Start of Data for the task
(* Let $L$ be a semiregular Lagrangian density and let a section $\overline s$ of $J^1Y\to X$ be a solution of the first order Euler–Lagrange equations for $L$. Let $H$ be a multimomentum Hamiltonian form associated with $L$ whose momentum morphism satisfies $\widehat H\circ\widehat L\circ\overline s=\overline s$. Then the section $r=\widehat L\circ\overline s$ of $\Pi\to X$ is a solution of the Hamilton equations for $H$, and it takes its values in the constraint space $Q=\widehat L(J^1Y)$.
   Context: Let $\pi:Y\to X$ be a fibred manifold over an $n$-dimensional manifold $X$, fibred coordinates $(x^\lambda,y^i)$, $\omega=dx^1\wedge\dots\wedge dx^n$, $\omega_\lambda=\partial_\lambda\rfloor\omega$. $J^1Y$ has coordinates $(x^\lambda,y^i,y^i_\lambda)$. A Lagrangian density is $L=\mathcal L(x,y,y_\mu)\omega$, $\partial^\lambda_i=\partial/\partial y^i_\lambda$, $\pi^\lambda_i=\partial^\lambda_i\mathcal L$. The first order Euler–Lagrange equations for a section $(\overline s^i,\overline s^i_\lambda)$ of $J^1Y\to X$ are $\partial_\lambda\overline s^i=\overline s^i_\lambda$, $\partial_i\mathcal L-(\partial_\lambda+\overline s^j_\lambda\partial_j+\partial_\lambda\overline s^j_\mu\partial^\mu_j)\partial^\lambda_i\mathcal L=0$. The Legendre bundle $\Pi=\wedge^nT^*X\otimes_YTX\otimes_YV^*Y\to Y$ has coordinates $(x^\lambda,y^i,p^\lambda_i)$, $\partial^i_\lambda=\partial/\partial p^\lambda_i$; the Legendre morphism is $p^\lambda_i\circ\widehat L=\pi^\lambda_i$, $Q=\widehat L(J^1Y)$; $L$ is semiregular if each $\widehat L^{-1}(q)$, $q\in Q$, is a connected submanifold. A multimomentum Hamiltonian form is an $n$-form $H$ on $\Pi$, locally $p^\lambda_idy^i\wedge\omega_\lambda-\mathcal H\omega$, such that locally some jet field $\gamma$ of $\Pi\to X$ satisfies $\gamma\rfloor(dp^\lambda_i\wedge dy^i\wedge\omega\otimes\partial_\lambda)=dH$; its momentum morphism is $y^i_\lambda\circ\widehat H=\partial^i_\lambda\mathcal H$. For a bundle morphism $\Phi:\Pi\to J^1Y$ over $Y$ put $H_\Phi=p^\lambda_idy^i\wedge\omega_\lambda-p^\lambda_i\Phi^i_\lambda\omega$. $H$ is associated with $L$ if $\widehat L\circ\widehat H|_Q=\mathrm{Id}_Q$ and $H=H_{\widehat H}+\mathcal L(x,y,\partial^j_\lambda\mathcal H)\omega$. The Hamilton equations for a section $(r^i,r^\lambda_i)$ of $\Pi\to X$ are $\partial_\lambda r^i=\partial^i_\lambda\mathcal H$, $\partial_\lambda r^\lambda_i=-\partial_i\mathcal H$. *)

theory Defs
  imports "HOL-Analysis.Analysis"
begin

fun C_k :: "nat \<Rightarrow> 'a::real_normed_vector set \<Rightarrow> ('a \<Rightarrow> 'b::real_normed_vector) \<Rightarrow> bool" where
  "C_k 0 S f = continuous_on S f"
| "C_k (Suc k) S f =
     (f differentiable_on S \<and> (\<forall>v. C_k k S (\<lambda>z. frechet_derivative f (at z) v)))"

definition Cinf_on :: "'a::real_normed_vector set \<Rightarrow> ('a \<Rightarrow> 'b::real_normed_vector) \<Rightarrow> bool" where
  "Cinf_on S f \<longleftrightarrow> (\<forall>k. C_k k S f)"

definition is_submanifold :: "'a::euclidean_space set \<Rightarrow> bool" where
  "is_submanifold S \<longleftrightarrow>
     (\<forall>a\<in>S. \<exists>U V (\<phi>::'a \<Rightarrow> 'a) \<psi> T.
        open U \<and> a \<in> U \<and> open V \<and> Cinf_on U \<phi> \<and> Cinf_on V \<psi> \<and> \<phi> ` U = V \<and>
        (\<forall>z\<in>U. \<psi> (\<phi> z) = z) \<and> (\<forall>w\<in>V. \<phi> (\<psi> w) = w) \<and>
        subspace T \<and> \<phi> ` (S \<inter> U) = V \<inter> T)"

text \<open>A point of \<open>J\<^sup>1Y\<close> is \<open>(x, y, v)\<close> with \<open>v $ i $ \<lambda> = y^i_\<lambda>\<close>;
  a point of the Legendre bundle \<open>\<Pi>\<close> is \<open>(x, y, p)\<close> with \<open>p $ i $ \<lambda> = p^\<lambda>_i\<close>.
  The fibred manifold is an open set \<open>Y\<close> of \<open>\<real>^n \<times> \<real>^m\<close> with \<open>\<pi> = fst\<close>.\<close>

type_synonym ('n, 'm) pt = "(real^'n) \<times> (real^'m) \<times> (real^'n^'m)"

definition bundle_over :: "((real^'n::finite) \<times> (real^'m::finite)) set \<Rightarrow> ('n, 'm) pt set" where
  "bundle_over Y = {z. (fst z, fst (snd z)) \<in> Y}"

definition px :: "(('n::finite, 'm::finite) pt \<Rightarrow> real) \<Rightarrow> 'n \<Rightarrow> ('n::finite, 'm::finite) pt \<Rightarrow> real" where
  "px F lam z = frechet_derivative F (at z) (axis lam 1, 0, 0)"

definition py :: "(('n::finite, 'm::finite) pt \<Rightarrow> real) \<Rightarrow> 'm \<Rightarrow> ('n::finite, 'm::finite) pt \<Rightarrow> real" where
  "py F i z = frechet_derivative F (at z) (0, axis i 1, 0)"

text \<open>derivative w.r.t. the fibre coordinate with indices \<open>i, \<lambda>\<close> (\<open>y^i_\<lambda>\<close> resp. \<open>p^\<lambda>_i\<close>)\<close>
definition pv :: "(('n::finite, 'm::finite) pt \<Rightarrow> real) \<Rightarrow> 'm \<Rightarrow> 'n \<Rightarrow> ('n::finite, 'm::finite) pt \<Rightarrow> real" where
  "pv F i lam z = frechet_derivative F (at z) (0, 0, axis i (axis lam 1))"

definition dX :: "(real^'n \<Rightarrow> real) \<Rightarrow> 'n \<Rightarrow> real^'n \<Rightarrow> real" where
  "dX g lam x = frechet_derivative g (at x) (axis lam 1)"

definition legendre :: "(('n::finite, 'm::finite) pt \<Rightarrow> real) \<Rightarrow> ('n::finite, 'm::finite) pt \<Rightarrow> ('n::finite, 'm::finite) pt" where
  "legendre \<L> z = (fst z, fst (snd z), \<chi> i. \<chi> lam. pv \<L> i lam z)"

definition momentum :: "(('n::finite, 'm::finite) pt \<Rightarrow> real) \<Rightarrow> ('n::finite, 'm::finite) pt \<Rightarrow> ('n::finite, 'm::finite) pt" where
  "momentum \<H> q = (fst q, fst (snd q), \<chi> i. \<chi> lam. pv \<H> i lam q)"

definition lagrangian :: "((real^'n::finite) \<times> (real^'m::finite)) set \<Rightarrow> (('n::finite, 'm::finite) pt \<Rightarrow> real) \<Rightarrow> bool" where
  "lagrangian Y \<L> \<longleftrightarrow> open Y \<and> Cinf_on (bundle_over Y) \<L>"

definition constraint_space :: "((real^'n::finite) \<times> (real^'m::finite)) set \<Rightarrow> (('n::finite, 'm::finite) pt \<Rightarrow> real) \<Rightarrow> ('n, 'm) pt set" where
  "constraint_space Y \<L> = legendre \<L> ` bundle_over Y"

definition semiregular :: "((real^'n::finite) \<times> (real^'m::finite)) set \<Rightarrow> (('n::finite, 'm::finite) pt \<Rightarrow> real) \<Rightarrow> bool" where
  "semiregular Y \<L> \<longleftrightarrow>
     (\<forall>q\<in>constraint_space Y \<L>.
        connected (bundle_over Y \<inter> legendre \<L> -` {q}) \<and>
        is_submanifold (bundle_over Y \<inter> legendre \<L> -` {q}))"

text \<open>Multimomentum Hamiltonian form \<open>H = p^\<lambda>_i dy^i\<and>\<omega>_\<lambda> - \<H>\<omega>\<close>, given by \<open>\<H>\<close>.
  The condition \<open>\<gamma>\<rfloor>(dp^\<lambda>_i\<and>dy^i\<and>\<omega>\<otimes>\<partial>_\<lambda>) = dH\<close> for a jet field
  \<open>\<gamma> = dx^\<lambda>\<otimes>(\<partial>_\<lambda> + \<gamma>^i_\<lambda>\<partial>_i + \<gamma>^\<mu>_{i\<lambda>}\<partial>^i_\<mu>)\<close>, written in coordinates, reads
  \<open>\<gamma>^i_\<lambda> = \<partial>^i_\<lambda>\<H>\<close> and \<open>\<gamma>^\<lambda>_{i\<lambda>} = -\<partial>_i\<H>\<close>.
  Here \<open>fst (\<gamma> z) $ i $ \<lambda> = \<gamma>^i_\<lambda>\<close> and \<open>snd (\<gamma> z) $ i $ \<mu> $ \<lambda> = \<gamma>^\<mu>_{i\<lambda>}\<close>.\<close>
definition mm_hamiltonian :: "((real^'n::finite) \<times> (real^'m::finite)) set \<Rightarrow> (('n::finite, 'm::finite) pt \<Rightarrow> real) \<Rightarrow> bool" where
  "mm_hamiltonian Y \<H> \<longleftrightarrow> Cinf_on (bundle_over Y) \<H> \<and>
     (\<forall>q\<in>bundle_over Y. \<exists>W (\<gamma> :: ('n::finite, 'm::finite) pt \<Rightarrow> (real^'n^'m) \<times> (real^'n^'n^'m)).
        open W \<and> q \<in> W \<and> W \<subseteq> bundle_over Y \<and> Cinf_on W \<gamma> \<and>
        (\<forall>z\<in>W. (\<forall>i lam. fst (\<gamma> z) $ i $ lam = pv \<H> i lam z) \<and>
                (\<forall>i. (\<Sum>lam\<in>UNIV. snd (\<gamma> z) $ i $ lam $ lam) = - py \<H> i z)))"

text \<open>\<open>H\<close> associated with \<open>L\<close>: \<open>L\<^sup>\<and>\<circ>H\<^sup>\<and>|_Q = Id_Q\<close> and
  \<open>H = H_{H\<^sup>\<and>} + \<L>(x,y,\<partial>\<H>)\<omega>\<close>, i.e. \<open>\<H> = p^\<lambda>_i \<partial>^i_\<lambda>\<H> - \<L>(x,y,\<partial>\<H>)\<close> on \<open>\<Pi>\<close>.\<close>
definition associated :: "((real^'n::finite) \<times> (real^'m::finite)) set \<Rightarrow> (('n::finite, 'm::finite) pt \<Rightarrow> real) \<Rightarrow> (('n::finite, 'm::finite) pt \<Rightarrow> real) \<Rightarrow> bool" where
  "associated Y \<H> \<L> \<longleftrightarrow>
     (\<forall>q\<in>constraint_space Y \<L>. legendre \<L> (momentum \<H> q) = q) \<and>
     (\<forall>q\<in>bundle_over Y. \<H> q =
        (\<Sum>i\<in>UNIV. \<Sum>lam\<in>UNIV. snd (snd q) $ i $ lam * pv \<H> i lam q) - \<L> (momentum \<H> q))"

text \<open>Section \<open>x \<mapsto> (x, sy x, sv x)\<close> of \<open>J\<^sup>1Y \<rightarrow> X\<close> over an open \<open>D \<subseteq> X\<close>
  solving the first order Euler--Lagrange equations.\<close>
definition EL_solution ::
  "((real^'n::finite) \<times> (real^'m::finite)) set \<Rightarrow> (('n::finite, 'm::finite) pt \<Rightarrow> real) \<Rightarrow> (real^'n) set \<Rightarrow>
   (real^'n \<Rightarrow> real^'m) \<Rightarrow> (real^'n \<Rightarrow> real^'n^'m) \<Rightarrow> bool" where
  "EL_solution Y \<L> D sy sv \<longleftrightarrow>
     open D \<and> (\<forall>x\<in>D. (x, sy x) \<in> Y) \<and> Cinf_on D sy \<and> Cinf_on D sv \<and>
     (\<forall>x\<in>D. \<forall>i lam. dX (\<lambda>x. sy x $ i) lam x = sv x $ i $ lam) \<and>
     (\<forall>x\<in>D. \<forall>i. let z = (x, sy x, sv x) in
        py \<L> i z
        - (\<Sum>lam\<in>UNIV. px (pv \<L> i lam) lam z
            + (\<Sum>j\<in>UNIV. sv x $ j $ lam * py (pv \<L> i lam) j z)
            + (\<Sum>j\<in>UNIV. \<Sum>mu\<in>UNIV. dX (\<lambda>x. sv x $ j $ mu) lam x * pv (pv \<L> i lam) j mu z))
        = 0)"

text \<open>Section \<open>x \<mapsto> (x, ry x, rp x)\<close> of \<open>\<Pi> \<rightarrow> X\<close> over \<open>D\<close> solving the Hamilton equations.\<close>
definition hamilton_solution ::
  "((real^'n::finite) \<times> (real^'m::finite)) set \<Rightarrow> (('n::finite, 'm::finite) pt \<Rightarrow> real) \<Rightarrow> (real^'n) set \<Rightarrow>
   (real^'n \<Rightarrow> real^'m) \<Rightarrow> (real^'n \<Rightarrow> real^'n^'m) \<Rightarrow> bool" where
  "hamilton_solution Y \<H> D ry rp \<longleftrightarrow>
     (\<forall>x\<in>D. (x, ry x) \<in> Y) \<and> ry differentiable_on D \<and> rp differentiable_on D \<and>
     (\<forall>x\<in>D. \<forall>i lam. dX (\<lambda>x. ry x $ i) lam x = pv \<H> i lam (x, ry x, rp x)) \<and>
     (\<forall>x\<in>D. \<forall>i. (\<Sum>lam\<in>UNIV. dX (\<lambda>x. rp x $ i $ lam) lam x) = - py \<H> i (x, ry x, rp x))"

end

theory Submission
  imports Defs
begin

text \<open>
  The section \<open>r = L\<^sup>^ \<circ> s\<close> has components \<open>r\<^sup>i = s\<^sup>i\<close> and \<open>r\<^sup>\<lambda>\<^sub>i = \<pi>\<^sup>\<lambda>\<^sub>i \<circ> s\<close>.
  The first Hamilton equation holds because \<open>\<partial>\<^sub>\<lambda>s\<^sup>i = s\<^sup>i\<^sub>\<lambda>\<close> and \<open>H\<^sup>^(r) = s\<close> says
  \<open>\<partial>\<^sup>i\<^sub>\<lambda>\<H>(r) = s\<^sup>i\<^sub>\<lambda>\<close>. For the second, differentiate the identity
  \<open>\<H> = p\<^sup>\<lambda>\<^sub>i \<partial>\<^sup>i\<^sub>\<lambda>\<H> - \<L> \<circ> H\<^sup>^\<close> in \<open>y\<^sup>i\<close> at a point \<open>q\<close> with \<open>L\<^sup>^(H\<^sup>^(q)) = q\<close>:
  there \<open>p = \<pi>(H\<^sup>^(q))\<close>, so all terms with second derivatives of \<open>\<H>\<close> cancel and
  \<open>\<partial>\<^sub>i\<H>(q) = -\<partial>\<^sub>i\<L>(H\<^sup>^(q))\<close>. At \<open>q = r(x)\<close> this is \<open>-\<partial>\<^sub>i\<L>(s(x))\<close>, which by the
  Euler--Lagrange equations is \<open>-\<partial>\<^sub>\<lambda>r\<^sup>\<lambda>\<^sub>i\<close>.
\<close>

lemma Cinf_on_imp_differentiable_on:
  assumes "Cinf_on S f"
  shows "f differentiable_on S"
  using assms C_k.simps(2)[of 0 S f] unfolding Cinf_on_def by blast

lemma Cinf_on_imp_differentiable_at:
  "Cinf_on S f \<Longrightarrow> open S \<Longrightarrow> z \<in> S \<Longrightarrow> f differentiable at z"
  using Cinf_on_imp_differentiable_on differentiable_on_eq_differentiable_at by blast

lemma Cinf_on_frechet_derivative:
  assumes "Cinf_on S f"
  shows "Cinf_on S (\<lambda>z. frechet_derivative f (at z) v)"
  using assms C_k.simps(2) unfolding Cinf_on_def by blast

lemma Cinf_on_pv: "Cinf_on S F \<Longrightarrow> Cinf_on S (pv F i lam)"
  unfolding pv_def[abs_def] by (rule Cinf_on_frechet_derivative)

lemma open_bundle_over:
  assumes "open Y"
  shows "open (bundle_over Y)"
proof -
  have "bundle_over Y = (\<lambda>z. (fst z, fst (snd z))) -` Y"
    unfolding bundle_over_def by auto
  then show ?thesis
    by (simp add: open_vimage assms continuous_intros)
qed

lemma matrix_basis_expansion:
  "(c::real^'n::finite^'m::finite) = (\<Sum>j\<in>UNIV. \<Sum>mu\<in>UNIV. c$j$mu *\<^sub>R axis j (axis mu 1))"
proof -
  have "(\<Sum>j\<in>UNIV. \<Sum>mu\<in>UNIV. c$j$mu *\<^sub>R axis j (axis mu 1)) $ k $ l = c $ k $ l" for k l
  proof -
    have "(\<Sum>j\<in>UNIV. \<Sum>mu\<in>UNIV. c$j$mu *\<^sub>R axis j (axis mu 1)) $ k $ l
        = (\<Sum>j\<in>UNIV. \<Sum>mu\<in>UNIV. if k = j then if l = mu then c$j$mu else 0 else 0)"
      by (simp add: sum_component axis_def if_distrib[of "\<lambda>v. v $ l"] if_distrib[of "\<lambda>v. _ * v"]
          cong: if_cong)
    also have "\<dots> = c $ k $ l"
      by (subst sum.swap) (simp add: sum.delta)
    finally show ?thesis .
  qed
  then show ?thesis by (simp add: vec_eq_iff)
qed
End of Data for the task
* **Problem to work on**
Every line of the material above that includes the string "shows" is required.

* **Result for this task**
  shows "f differentiable_on S"
  shows "Cinf_on S (\<lambda>z. frechet_derivative f (at z) v)"
  shows "open (bundle_over Y)"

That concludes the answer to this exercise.